Even from Earth, we can theoretically deduce many of the adjustments we need to make to our machines and techniques for mining in 0g. There will be unforseen surprises, which will slow us down at the beginning, yes - but it won't take us long to solve them.
In any new field, experience is gained rapidly - as the recent history proved.
Unlike building AIs capable of autonomous mining or robot bodies versatile enough - which, for all we know, is not even possible until we reach a degree of nanotechnology comparable to living tissue.
A mining business would mean transporting heavy ore all the way to earth. Any propulsion system that uses chemical energy would be inadequate for this task (beyond, perhaps, transporting the first machines and the personnel to the mining site), if you want a profit - regardless of fuel being mined from the moon, etc.

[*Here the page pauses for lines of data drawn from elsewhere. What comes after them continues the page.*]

lemma \<rho>A_coassoc_nested: "teq (cmod sC) tensor_CA
    (concat (map (\<lambda>(h, x). map (\<lambda>(h1, h2). (actC p h1, [(actC q h2, x0 * x)])) (\<Delta>H h)) (\<rho>A a)))
    (map (\<lambda>(h, b). (actC p h, map (\<lambda>(h', y). (actC q h', x0 * y)) (\<rho>A b))) (\<rho>A a))"
proof -
  let ?F = "\<lambda>h L. [(actC p h, map (\<lambda>(h', y). (actC q h', x0 * y)) L)]"
  have "concat (map (\<lambda>(h, x). map (\<lambda>(h1, h2). (actC p h1, [(actC q h2, x0 * x)])) (\<Delta>H h)) (\<rho>A a))
      = concat (map (\<lambda>(x, L). ?F x L) (dl \<Delta>H (\<rho>A a)))"
    by (simp only: concat_map_dl) (simp add: concat_map_singleton_prod)
  also have "teq (cmod sC) tensor_CA \<dots> (concat (map (\<lambda>(x, L). ?F x L) (dr \<rho>A (\<rho>A a))))"
  proof (rule teq_concat_map_balanced[OF \<rho>A_coassoc])
    fix v and w w' :: "('h \<times> 'a) list"
    assume "m_eq (tensor (cmod sH) (cmod sA)) w w'"
    then have "teq (cmod sC) (cmod sA) (map (\<lambda>(h', y). (actC q h', x0 * y)) w)
        (map (\<lambda>(h', y). (actC q h', x0 * y)) w')"
      using teq_map_act_mult by simp
    then show "teq (cmod sC) tensor_CA (?F v w) (?F v w')"
      using teq_eqr[of tensor_CA] by simp
  next
    fix r v and w :: "('h \<times> 'a) list"
    show "teq (cmod sC) tensor_CA (?F (m_smul (cmod sH) r v) w) (?F v (m_smul (tensor (cmod sH) (cmod sA)) r w))"
      using teq_cmod_bal[of sC tensor_CA r "actC p v" "map (\<lambda>(h', y). (actC q h', x0 * y)) w"]
      by (simp add: map_map_prod actC_smul_right del: map_map)
  qed (simp_all add: teq_refl actC_add_right teq_cmod_addl teq_tensor_addr actC_zero_right teq_cmod_zerol
      teq_tensor_zeror)
  also have "concat (map (\<lambda>(x, L). ?F x L) (dr \<rho>A (\<rho>A a))) =
      map (\<lambda>(h, b). (actC p h, map (\<lambda>(h', y). (actC q h', x0 * y)) (\<rho>A b))) (\<rho>A a)"
    by (simp only: concat_map_dr) (simp add: concat_map_singleton_prod)
  finally show ?thesis .
qed

lemma dl_tensor_act_nested: "teq (cmod sC) tensor_CA
   (concat (map (\<lambda>(h, x). map (\<lambda>(p1, p2). (p1, [(p2, x0 * x)])) (\<Delta>C (actC c h))) (\<rho>A a)))
   (concat (map (\<lambda>(p, q). map (\<lambda>(h, b). (actC p h, map (\<lambda>(h', y). (actC q h', x0 * y)) (\<rho>A b))) (\<rho>A a)) (\<Delta>C c)))"
proof -
  have "teq (cmod sC) tensor_CA
      (concat (map (\<lambda>(h, x). map (\<lambda>(p1, p2). (p1, [(p2, x0 * x)])) (\<Delta>C (actC c h))) (\<rho>A a)))
      (concat (map (\<lambda>(h, x). concat (map (\<lambda>(p, q). map (\<lambda>(h1, h2). (actC p h1, [(actC q h2, x0 * x)])) (\<Delta>H h))
        (\<Delta>C c))) (\<rho>A a)))"
  proof (rule teq_concat_map_cong_prod)
    fix h x
    have "map (\<lambda>(c1, c2). (c1, [(c2, x0 * x)])) (concat (map (\<lambda>(p, q). map (\<lambda>(h1, h2). (actC p h1, actC q h2)) (\<Delta>H h)) D))
      = concat (map (\<lambda>(p, q). map (\<lambda>(h1, h2). (actC p h1, [(actC q h2, x0 * x)])) (\<Delta>H h)) D)" for D
      by (induction D) (auto simp: map_map_prod simp del: map_map)
    then show "teq (cmod sC) tensor_CA (map (\<lambda>(p1, p2). (p1, [(p2, x0 * x)])) (\<Delta>C (actC c h)))
        (concat (map (\<lambda>(p, q). map (\<lambda>(h1, h2). (actC p h1, [(actC q h2, x0 * x)])) (\<Delta>H h)) (\<Delta>C c)))"
      using teq_map_nested[OF \<Delta>C_act[of c h], of "x0 * x"] by simp
  qed
  also have "teq (cmod sC) tensor_CA \<dots>
     (concat (map (\<lambda>(p, q). concat (map (\<lambda>(h, x). map (\<lambda>(h1, h2). (actC p h1, [(actC q h2, x0 * x)])) (\<Delta>H h))
       (\<rho>A a))) (\<Delta>C c)))"
    by (rule teq_concat_map_swap)
  also have "teq (cmod sC) tensor_CA \<dots>
     (concat (map (\<lambda>(p, q). map (\<lambda>(h, b). (actC p h, map (\<lambda>(h', y). (actC q h', x0 * y)) (\<rho>A b))) (\<rho>A a)) (\<Delta>C c)))"
    by (rule teq_concat_map_cong_prod) (rule \<rho>A_coassoc_nested)
  finally show ?thesis .
qed

lemma dl_tensor_act: "teq (cmod sC) tensor_CA (dl \<Delta>C (tensor_act m a))
    (concat (map (\<lambda>(c, x). map (\<lambda>(h, b). (actC c h, tensor_act x b)) (\<rho>A a)) (dl \<Delta>C m)))"
proof -
  have dl_act: "dl \<Delta>C (map (\<lambda>(h, x). (actC c h, x0 * x)) R) =
      concat (map (\<lambda>(h, x). map (\<lambda>(p1, p2). (p1, [(p2, x0 * x)])) (\<Delta>C (actC c h))) R)" for c x0 R
    by (induction R) (auto simp: dl_def)
  have "dl \<Delta>C (tensor_act m a) = concat (map (\<lambda>(c, x0). concat (map (\<lambda>(h, x).
      map (\<lambda>(p1, p2). (p1, [(p2, x0 * x)])) (\<Delta>C (actC c h))) (\<rho>A a))) m)"
    by (simp only: tensor_act_def dl_concat_map dl_act)
  moreover have "concat (map (\<lambda>(c, x). map (\<lambda>(h, b). (actC c h, tensor_act x b)) (\<rho>A a)) (dl \<Delta>C m)) =
     concat (map (\<lambda>(c, x0). concat (map (\<lambda>(p, q). map (\<lambda>(h, b). (actC p h,
       map (\<lambda>(h', y). (actC q h', x0 * y)) (\<rho>A b))) (\<rho>A a)) (\<Delta>C c))) m)"
    by (simp only: dl_def concat_map_concat_map) (simp add: map_map_prod tensor_act_singleton del: map_map)
  ultimately show ?thesis
    by (auto intro: teq_concat_map_cong simp: dl_tensor_act_nested)
qed

lemma doi_hopf_module_tensor: "doi_hopf_module sH sA \<rho>A sC \<Delta>C \<epsilon>C actC tensor_CA tensor_act (dl \<Delta>C)"
  unfolding doi_hopf_module_def
  by (simp add: setoid_kmod_tensor_cmod[OF module_sC] tensor_act_cong tensor_act_append tensor_act_add_right
      tensor_act_smul_left tensor_act_smul_right tensor_act_one tensor_act_mult dl_cong dl_append dl_smul
      dl_coassoc msum_tensor dl_counit dl_tensor_act teq_refl)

You must send the ore using either mass drivers (solar or nuclear powered) or using nuclear propulsion.
If you were moving between the asteroid and earth's surface, this would be so.
If you are moving between a near earth asteroid and EML1, round trip could be as low as 2 km/s. Chemical is more than adequate for this delta V budget.

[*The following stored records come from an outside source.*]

(* Let $\Omega\subset\mathbb{R}^3$ be a MAC compatible bounded domain, $(\mathcal M,\mathcal E)$ a MAC grid, $\varrho\in L_{\mathcal M}$, $\boldsymbol u=(u_1,u_2,u_3)\in\mathbf H_{\mathcal E,0}$, $i\in\{1,2,3\}$ and $\varphi=(\varphi_\sigma)\in H^{(i)}_{\mathcal E,0}$. With the primal fluxes $F_{K,\sigma}$ and dual fluxes $F_{\sigma,\varepsilon}$ defined from $(\varrho,\boldsymbol u)$ as in the context, $$\sum_{\sigma\in\mathcal E^{(i)}_{\rm int}}\ \sum_{\varepsilon\text{ face of }D_\sigma}F_{\sigma,\varepsilon}u_\varepsilon\varphi_\sigma=\sum_{j=1}^3S_j,$$ where $$S_i=\sum_{K=[\overrightarrow{\sigma\sigma'}],\ \sigma,\sigma'\in\mathcal E^{(i)}}\big(\varrho^{\rm up}_\sigma u_\sigma|D_{K,\sigma}|+\varrho^{\rm up}_{\sigma'}u_{\sigma'}|D_{K,\sigma'}|\big)(\mathcal R^{(i)}_{\mathcal M}u_i)_K\,\frac{\varphi_\sigma-\varphi_{\sigma'}}{d(\boldsymbol x_\sigma,\boldsymbol x_{\sigma'})},$$ and, for $j\neq i$, $$S_j=\sum_{\tau\in\mathcal E^{(j)}_{\rm int}}|D_\tau|\frac{\varrho^{\rm up}_\tau u_\tau}{4}\Big[(u_{\sigma_3}+u_{\sigma_1})\frac{\varphi_{\sigma_3}-\varphi_{\sigma_1}}{d(\boldsymbol x_{\sigma_1},\boldsymbol x_{\sigma_3})}+(u_{\sigma_4}+u_{\sigma_2})\frac{\varphi_{\sigma_4}-\varphi_{\sigma_2}}{d(\boldsymbol x_{\sigma_2},\boldsymbol x_{\sigma_4})}\Big],$$ where $\sigma_1,\dots,\sigma_4$ are the four faces of $\mathcal E^{(i)}$ neighbouring $\tau$ (i.e. the faces in $\mathcal E^{(i)}$ of the two cells sharing $\tau$), labelled so that $\boldsymbol x_{\sigma_1}-\boldsymbol x_{\sigma_3}=\boldsymbol x_{\sigma_2}-\boldsymbol x_{\sigma_4}=\beta\boldsymbol e_j$ for some $\beta>0$.
   Context: MAC compatible domain: bounded connected open $\Omega$ whose closure is a finite union of closed rectangular parallelepipeds with faces orthogonal to $\boldsymbol e_1,\boldsymbol e_2,\boldsymbol e_3$. MAC grid $(\mathcal M,\mathcal E)$: structured partition $\mathcal M$ of $\Omega$ into rectangular parallelepipeds $K$; faces $\mathcal E$, $\mathcal E(K)$ the faces of $K$, $\mathcal E^{(i)}$ (resp. $\mathcal E^{(i)}_{\rm int}$) the (interior) faces orthogonal to $\boldsymbol e_i$; $\sigma=K|L$ common face; $\boldsymbol x_\sigma$ face mass centre; $d(\cdot,\cdot)$ Euclidean distance. $K=[\overrightarrow{\sigma\sigma'}]$ means $\sigma,\sigma'\in\mathcal E^{(i)}\cap\mathcal E(K)$ with $(\boldsymbol x_{\sigma'}-\boldsymbol x_\sigma)\cdot\boldsymbol e_i>0$. $D_{K,\sigma}$ is the half of $K$ adjacent to $\sigma$; dual cells $D_\sigma=D_{K,\sigma}\cup D_{L,\sigma}$ for $\sigma=K|L$, $D_{K,\sigma}$ for boundary $\sigma$; dual faces $\varepsilon=\sigma|\sigma'$ separate $D_\sigma,D_{\sigma'}$. $L_{\mathcal M}$: piecewise constants on cells (values $\varrho_K$); $H^{(i)}_{\mathcal E,0}$: piecewise constants on $D_\sigma$, $\sigma\in\mathcal E^{(i)}$ (values $u_\sigma$), vanishing for boundary $\sigma$; $\mathbf H_{\mathcal E,0}=\prod_iH^{(i)}_{\mathcal E,0}$; for $\tau\in\mathcal E^{(j)}$, $u_\tau$ denotes the value of $u_j$ on $D_\tau$. Fluxes: $u_{K,\sigma}=u_\sigma\boldsymbol e_i\cdot\boldsymbol n_{K,\sigma}$ for $\sigma\in\mathcal E^{(i)}\cap\mathcal E(K)$; $F_{K,\sigma}=|\sigma|\varrho^{\rm up}_\sigma u_{K,\sigma}$ with $\varrho^{\rm up}_\sigma=\varrho_K$ if $u_{K,\sigma}\ge0$ and $\varrho_L$ otherwise ($\sigma=K|L$), and $F_{K,\sigma}=0$ on boundary faces. Dual fluxes for $\sigma=K|L\in\mathcal E^{(i)}_{\rm int}$: if $\varepsilon=\sigma|\sigma'\subset K$ is orthogonal to $\boldsymbol e_i$ then $F_{\sigma,\varepsilon}=\frac12[F_{K,\sigma}\boldsymbol n_{K,\sigma}+F_{K,\sigma'}\boldsymbol n_{K,\sigma'}]\cdot\boldsymbol n_{D_\sigma,\varepsilon}$; if $\varepsilon$ is orthogonal to $\boldsymbol e_j$, $j\neq i$, and $\varepsilon\subset\tau\cup\tau'$ with $\tau\in\mathcal E(K)$, $\tau'\in\mathcal E(L)$, then $F_{\sigma,\varepsilon}=\frac12(F_{K,\tau}+F_{L,\tau'})$; fluxes through dual faces on $\partial\Omega$ are zero. $u_\varepsilon=\frac12(u_\sigma+u_{\sigma'})$ for $\varepsilon=\sigma|\sigma'$ interior. $(\mathcal R^{(i)}_{\mathcal M}u_i)_K=\frac12\sum_{\sigma\in\mathcal E^{(i)}\cap\mathcal E(K)}u_\sigma$. *)

theory Defs
  imports "HOL-Analysis.Analysis"
begin

text \<open>Structured MAC grid in R^3: a tensor-product grid with plane coordinates
  g d a (direction d, plane number a, strictly increasing in a); the cell with index
  k :: int^3 is the box [g d (k$d), g d (k$d+1)] in each direction d; C is the (finite)
  set of cells forming the partition M of the MAC compatible domain Omega.
  Directions e_1,e_2,e_3 are indexed by the type 3.
  Face (i,k): the face orthogonal to e_i lying on the plane g i (k$i), shared by the
  cells k - e i (below, in direction i) and k (above).\<close>

definition e :: "3 \<Rightarrow> int^3" where
  "e d = axis d 1"

definition cell_box :: "(3 \<Rightarrow> int \<Rightarrow> real) \<Rightarrow> int^3 \<Rightarrow> (real^3) set" where
  "cell_box g k = cbox (\<chi> d. g d (k$d)) (\<chi> d. g d (k$d + 1))"

definition MAC_domain :: "(3 \<Rightarrow> int \<Rightarrow> real) \<Rightarrow> (int^3) set \<Rightarrow> (real^3) set" where
  "MAC_domain g C = interior (\<Union>k\<in>C. cell_box g k)"

definition MAC_grid :: "(3 \<Rightarrow> int \<Rightarrow> real) \<Rightarrow> (int^3) set \<Rightarrow> bool" where
  "MAC_grid g C \<longleftrightarrow> (\<forall>d. strict_mono (g d)) \<and> finite C \<and> C \<noteq> {}
      \<and> connected (MAC_domain g C)"

definition is_face :: "(int^3) set \<Rightarrow> 3 \<Rightarrow> int^3 \<Rightarrow> bool" where
  "is_face C i k \<longleftrightarrow> k \<in> C \<or> k - e i \<in> C"

definition int_face :: "(int^3) set \<Rightarrow> 3 \<Rightarrow> int^3 \<Rightarrow> bool" where
  "int_face C i k \<longleftrightarrow> k \<in> C \<and> k - e i \<in> C"

definition h :: "(3 \<Rightarrow> int \<Rightarrow> real) \<Rightarrow> 3 \<Rightarrow> int^3 \<Rightarrow> real" where
  "h g d k = g d (k$d + 1) - g d (k$d)"

definition cell_vol :: "(3 \<Rightarrow> int \<Rightarrow> real) \<Rightarrow> int^3 \<Rightarrow> real" where
  "cell_vol g k = (\<Prod>d\<in>UNIV. h g d k)"

definition half_vol :: "(3 \<Rightarrow> int \<Rightarrow> real) \<Rightarrow> int^3 \<Rightarrow> real" where
  "half_vol g K = cell_vol g K / 2"

definition dual_vol :: "(3 \<Rightarrow> int \<Rightarrow> real) \<Rightarrow> 3 \<Rightarrow> int^3 \<Rightarrow> real" where
  "dual_vol g i k = half_vol g (k - e i) + half_vol g k"

definition face_area :: "(3 \<Rightarrow> int \<Rightarrow> real) \<Rightarrow> 3 \<Rightarrow> int^3 \<Rightarrow> real" where
  "face_area g i k = (\<Prod>d\<in>UNIV - {i}. h g d k)"

definition face_centre :: "(3 \<Rightarrow> int \<Rightarrow> real) \<Rightarrow> 3 \<Rightarrow> int^3 \<Rightarrow> real^3" where
  "face_centre g i k = (\<chi> d. if d = i then g i (k$i) else (g d (k$d) + g d (k$d + 1)) / 2)"

text \<open>Outward unit normal n_{K,sigma} of cell K on its face (i,k) (k = K: lower face,
  k = K + e i: upper face), and the other cell L with sigma = K|L.\<close>
definition cell_normal :: "3 \<Rightarrow> int^3 \<Rightarrow> int^3 \<Rightarrow> real^3" where
  "cell_normal i K k = (if k = K then - axis i 1 else axis i 1)"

Indeed, chemical reactions simply don't generate enough energy. The craft so powered are too expensive to build and maintain, use FAR too much fuel, are too slow, too heavy, have too many failure modes.
A true interplanetary society must use nuclear power (fission or fusion); nothing less suffices for easy (more or less) interplanetary transport.
This is a common misconception. Given orbital propellant depots, chemical is more than adequate. EML1 and EML2 are two key locations. Having propellant, water and air at these locations would change the game.
I disagree.
Unless we are talking about astronomical amounts of chemical fuel (as per the rocket equation) situated at EML1 or EML2 or anywhere else (which, of course, require money to be put there), the launch windows towards Mars or an NEO or another human colony will be few and far between.
The ships' speed will be low - meaning VERY LONG travel time.
The ship will have to be VERY LIGHT - meaning little commerce.
Etc.
As said - there's not enough energy in chemical fuels to create anything resembling easy interplanetary transport, anything resembling interplanetary trade.
Chemical propulsion is yesterday's news.
During the last 80 years, it proved it's not capable of getting us efficiently out of our gravity well.
Simple calculations prove it necessitates VERY long travel times and is capable of carrying VERY little mass at the interplanetary level.
Mass drivers are a potential game changer. And the airless moon is amenable to mass drivers. Developing and gaining experience with mass drivers on our close neighbour Luna is more doable than developing this technology on a remote asteroid.
Plus, mass drivers are another technology fully within our capabilities to build.